CHARLOTTESVILLE, VA (CVILLE RIGHT NOW) – City Manager Sam Sanders has told City Council the Kindlewood redevelopment project is “at a crossroads”.

Phase 2 of the construction is happening now, and Phase 3 will begin shortly, but planning for the fourth and final phase is in trouble without additional money.

Phase 4 promises to build 131 affordable units with $4.5-million dedicated out of the Charlottesville capital improvements plan fund.

“I think the way we all look at Kindlewood is the city has deeply invested in this project,” Sanders said. “We currently have $4.5-million committed in the CIP for Phase 4, and there is a $3-million funding gap to get to the number of units that are expected based on the original agreement.”
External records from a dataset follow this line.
definition convolution :: "(nat \<Rightarrow> nat \<Rightarrow> rat) \<Rightarrow> (nat \<Rightarrow> nat \<Rightarrow> rat) \<Rightarrow> nat \<Rightarrow> nat \<Rightarrow> rat" where
  "convolution h1 h2 u v = (\<Sum>v1\<in>{1..<v}. h1 u v1 * h2 u (v - v1))"

lemma pointwise_mult_lambert: "pointwise_mult (lambert h1) (lambert h2) = lambert (convolution h1 h2)"
proof (intro ext fps_ext)
  fix u n
  show "fps_nth (pointwise_mult (lambert h1) (lambert h2) u) n = fps_nth (lambert (convolution h1 h2) u) n"
  proof (cases "u = 0")
    case False
    then have u: "0 < u" by simp
    have "fps_nth (pointwise_mult (lambert h1) (lambert h2) u) n
        = (\<Sum>v=1..n div u. h1 u v * fps_nth (lambert h2 u) (n - u * v))"
      unfolding pointwise_mult_def by (rule nth_lambert_mult[OF u])
    also have "\<dots> = (\<Sum>v=1..n div u. if u dvd n \<and> v < n div u then h1 u v * h2 u (n div u - v) else 0)"
    proof (intro sum.cong refl)
      fix v assume "v \<in> {1..n div u}"
      then have "u * v \<le> n" using u by (simp add: less_eq_div_iff_mult_less_eq mult.commute)
      then have "u dvd (n - u * v) \<longleftrightarrow> u dvd n"
        by (metis dvd_add_right_iff dvd_triv_left le_add_diff_inverse)
      moreover have "u dvd n \<Longrightarrow> n - u * v = u * (n div u - v)" by (auto simp: diff_mult_distrib2)
      ultimately show "h1 u v * fps_nth (lambert h2 u) (n - u * v)
          = (if u dvd n \<and> v < n div u then h1 u v * h2 u (n div u - v) else 0)"
        using u by (auto simp: nth_lambert)
    qed
    also have "\<dots> = fps_nth (lambert (convolution h1 h2) u) n"
      using u by (auto simp: nth_lambert convolution_def intro!: sum.mono_neutral_cong_right)
    finally show ?thesis .
  qed (simp add: pointwise_mult_def lambert_def)
qed

definition bb_index_below :: "nat \<Rightarrow> nat \<Rightarrow> nat \<Rightarrow> (nat list \<times> nat list) set" where
  "bb_index_below m n N = {x \<in> bb_index m n. \<forall>u\<in>set (fst x). u < N}"

definition weight_prod :: "(nat \<Rightarrow> nat \<Rightarrow> rat) list \<Rightarrow> nat list \<times> nat list \<Rightarrow> rat" where
  "weight_prod hs x = (\<Prod>j<length hs. (hs ! j) (fst x ! j) (snd x ! j))"

lemma finite_bb_index_below: "finite (bb_index_below m n N)"
  unfolding bb_index_below_def using finite_bb_index by simp

lemma weight_prod_Cons: "weight_prod (h # hs) (u # us, v # vs) = h u v * weight_prod hs (us, vs)"
  unfolding weight_prod_def by (simp add: prod.lessThan_Suc_shift del: prod.lessThan_Suc)
(* Let $k\ge2$, let $r_1,\dots,r_k$ be positive integers and let $a\le b$ be positive integers. Then \[ N_k(r_1,\dots,r_k;a)\,N_k(r_1,\dots,r_k;b)\le N_k^{(1)}(r_1,\dots,r_k;a,b)\,N_k^{(1)}(r_1,\dots,r_k;b,a). \]
   Context: $K(r_1,\dots,r_k)$ is the complete $k$-partite graph with parts $V_1,\dots,V_k$ of sizes $r_1,\dots,r_k$. $N_k(r_1,\dots,r_k;c)$ is the number of proper colourings of $K(r_1,\dots,r_k)$ with colours from a set of size $c$. Fix sets $A\subseteq B$ with $|A|=a$, $|B|=b$. $N_k^{(1)}(r_1,\dots,r_k;a,b)$ is the number of proper colourings of $K(r_1,\dots,r_k)$ in which $V_1$ receives colours from $A$ and $V_2,\dots,V_k$ receive colours from $B$; $N_k^{(1)}(r_1,\dots,r_k;b,a)$ is the number of proper colourings in which $V_1$ receives colours from $B$ and $V_2,\dots,V_k$ receive colours from $A$. *)

theory Defs
  imports "HOL-Library.FuncSet"
begin

text \<open>The complete k-partite graph K(r_1,...,r_k): vertices are pairs (i,j) with
  i < k (part index; part i corresponds to V_(i+1)) and j < r i. Two vertices are
  adjacent iff they lie in different parts.\<close>

definition kp_vertices :: "nat \<Rightarrow> (nat \<Rightarrow> nat) \<Rightarrow> (nat \<times> nat) set" where
  "kp_vertices k r = {(i, j). i < k \<and> j < r i}"

definition kp_colourings ::
  "nat \<Rightarrow> (nat \<Rightarrow> nat) \<Rightarrow> (nat \<Rightarrow> 'c set) \<Rightarrow> ((nat \<times> nat) \<Rightarrow> 'c) set" where
  "kp_colourings k r C =
     {f \<in> kp_vertices k r \<rightarrow>\<^sub>E (\<Union>i<k. C i).
        (\<forall>v \<in> kp_vertices k r. f v \<in> C (fst v)) \<and>
        (\<forall>v \<in> kp_vertices k r. \<forall>w \<in> kp_vertices k r. fst v \<noteq> fst w \<longrightarrow> f v \<noteq> f w)}"

definition N_k :: "nat \<Rightarrow> (nat \<Rightarrow> nat) \<Rightarrow> nat \<Rightarrow> nat" where
  "N_k k r c = card (kp_colourings k r (\<lambda>_. {0..<c}))"

definition N1_k :: "nat \<Rightarrow> (nat \<Rightarrow> nat) \<Rightarrow> 'c set \<Rightarrow> 'c set \<Rightarrow> nat" where
  "N1_k k r X Y = card (kp_colourings k r (\<lambda>i. if i = 0 then X else Y))"

end

(*
  Group the proper colourings by their colour classes (recorded as the equivalence relations
  they induce): a partition of V_1 into x classes and a partition of the other parts into
  y classes, each inside a single part.  If V_1 takes its
  colours from S and the other parts from T, then for S <= T the colourings with prescribed
  classes number (|S|)_x (|T| - x)_y, with (c)_n the falling factorial, and for T <= S they
  number (|T|)_y (|S| - y)_x.

  Put h n = (a)_n / (b)_n and m n = (b)_n.  Then h is nonincreasing and submultiplicative and
  m is log-concave, so (a)_x (a - x)_y <= h x * h y * m (x + y), while (a)_x (b - x)_y =
  h x * m (x + y) and (b)_x (b - x)_y = m (x + y).  The theorem becomes a negative correlation
  inequality for h x and h y under the weights m (x + y), and symmetrising the fourfold sum
  writes the gap as a sum of the nonnegative terms
  (h x - h x') (h y - h y') (m (x + y') m (x' + y) - m (x + y) m (x' + y')).
*)
theory Submission
  imports Defs Complex_Main
begin

section \<open>Falling factorials\<close>

definition falling_fact :: "nat \<Rightarrow> nat \<Rightarrow> nat" where
  "falling_fact c n = (\<Prod>i = 0..<n. c - i)"

lemma falling_fact_0 [simp]: "falling_fact c 0 = 1"
  by (simp add: falling_fact_def)

lemma falling_fact_Suc: "falling_fact c (Suc n) = falling_fact c n * (c - n)"
  by (simp add: falling_fact_def)

lemma falling_fact_add: "falling_fact c (m + n) = falling_fact c m * falling_fact (c - m) n"
  by (induction n) (simp_all add: falling_fact_Suc diff_diff_left)

lemma falling_fact_eq_0_iff: "falling_fact c n = 0 \<longleftrightarrow> c < n"
  by (auto simp: falling_fact_def)

lemma falling_fact_mono: "c \<le> c' \<Longrightarrow> falling_fact c n \<le> falling_fact c' n"
  unfolding falling_fact_def by (intro prod_mono) auto

lemma falling_fact_shift_le:
  assumes "a \<le> b"
  shows "falling_fact (a - x) y * falling_fact b y \<le> falling_fact a y * falling_fact (b - x) y"
proof -
  have "(a - x - i) * (b - i) \<le> (a - i) * (b - x - i)" for i
  proof (cases "x + i < a")
    case True
    then obtain c where "a = x + i + c" by (metis less_imp_add_positive)
    moreover obtain e where "b = a + e" using assms by (metis le_iff_add)
    ultimately show ?thesis by (simp add: algebra_simps)
  qed simp
  then show ?thesis
    unfolding falling_fact_def prod.distrib[symmetric] by (intro prod_mono) simp
qed

lemma falling_fact_log_concave:
  assumes "x' \<le> x" "y' \<le> y"
  shows "falling_fact c (x + y) * falling_fact c (x' + y')
    \<le> falling_fact c (x + y') * falling_fact c (x' + y)"
proof -
  have "falling_fact c (x + y) = falling_fact c (x + y') * falling_fact (c - (x + y')) (y - y')"
    and "falling_fact c (x' + y) = falling_fact c (x' + y') * falling_fact (c - (x' + y')) (y - y')"
    using assms falling_fact_add[of c "_ + y'" "y - y'"] by simp_all
  moreover have "falling_fact (c - (x + y')) (y - y') \<le> falling_fact (c - (x' + y')) (y - y')"
    using assms by (intro falling_fact_mono) simp
  ultimately show ?thesis
    by (simp add: mult_left_mono mult.left_commute)
qed

lemma card_inj_funcs:
  "finite A \<Longrightarrow> finite C \<Longrightarrow> card {f \<in> A \<rightarrow>\<^sub>E C. inj_on f A} = falling_fact (card C) (card A)"
  using card_inj_on_subset_funcset[of A C A] by (simp add: falling_fact_def)

(* For b < n the denominator (b)_n is 0, and the ratio is 0 since x / 0 = 0. *)
definition falling_ratio :: "nat \<Rightarrow> nat \<Rightarrow> nat \<Rightarrow> real" where
  "falling_ratio a b n = real (falling_fact a n) / real (falling_fact b n)"

lemma falling_ratio_nonneg: "0 \<le> falling_ratio a b n"
  by (simp add: falling_ratio_def)

lemma falling_fact_eq_ratio_mult:
  assumes "a \<le> b"
  shows "real (falling_fact a n) = falling_ratio a b n * real (falling_fact b n)"
  using assms by (cases "b < n") (auto simp: falling_ratio_def falling_fact_eq_0_iff)

lemma falling_ratio_antimono:
  assumes "a \<le> b" "n \<le> n'"
  shows "falling_ratio a b n' \<le> falling_ratio a b n"
proof -
  have "falling_ratio a b (Suc n) \<le> falling_ratio a b n" for n
  proof (cases "n < b")
    case True
    then have "falling_ratio a b (Suc n) = falling_ratio a b n * (real (a - n) / real (b - n))"
      by (simp add: falling_ratio_def falling_fact_Suc)
    also have "\<dots> \<le> falling_ratio a b n"
      using True assms by (intro mult_left_le falling_ratio_nonneg) simp_all
    finally show ?thesis .
  qed (simp add: falling_ratio_def falling_fact_Suc)
  then show ?thesis
    using assms(2) by (rule lift_Suc_antimono_le)
qed

lemma falling_ratio_submult:
  assumes "a \<le> b"
  shows "falling_ratio a b (x + y) \<le> falling_ratio a b x * falling_ratio a b y"
proof (cases "b < x + y")
  case True
  then have "falling_ratio a b (x + y) = 0"
    by (simp add: falling_ratio_def falling_fact_eq_0_iff)
  then show ?thesis
    by (simp add: falling_ratio_nonneg)
next
  case False
  then have pos: "0 < falling_fact b x" "0 < falling_fact b y" "0 < falling_fact (b - x) y"
    by (auto simp: zero_less_iff_neq_zero falling_fact_eq_0_iff)
  have "falling_ratio a b (x + y)
      = falling_ratio a b x * (real (falling_fact (a - x) y) / real (falling_fact (b - x) y))"
    by (simp add: falling_ratio_def falling_fact_add)
  also have "\<dots> \<le> falling_ratio a b x * falling_ratio a b y"
    using pos falling_fact_shift_le[OF assms, of x y]
    by (intro mult_left_mono falling_ratio_nonneg)
      (simp add: falling_ratio_def divide_simps flip: of_nat_mult)
  finally show ?thesis .
qed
Sanders said the 131 units that are supposed to be built in Phase 4 would bring the total development to 425 units, which is the bottom of the amount for which the city has asked.

“With no additional funding, there is an indication they do not see being able to produce the 425 units and the number would be 388 units instead,” Sanders noted.

The extra money would need to be injected into the 2027 budget on which work has begun constructing.

Sanders said, “We know this is going to require some conversation, and we’re reworking out work session schedule, the first wave of your work session discussions for the new year.”

The City Manager noted each phase has had some sort of issue that has required revisiting.

“Kindlewood is a very complicated project, I’ve been talking about this my whole tenure here about how complicated this project here and I could have said that from Day One,” Sanders said.

“I think what we have found is at each phase we’ve had to come back to the drawing board to figure out what next, what next, and what next.”

Sanders concluded, “Most of it is we’re in a time that things are changing so rapidly, and it’s very expensive to do the things we have dreamed of being able to do here.”

The Kindlewood work session is likely happening in January.

Kindlewood is the ongoing $68-million rebuilding of what had been known as Friendship Village, a 150 unit low-income housing development that had fallen into ill repair.

Piedmont Housing Alliance has helped oversee rebuilding the development into some three times more units than Friendship Village, and with zero displacement during the construction.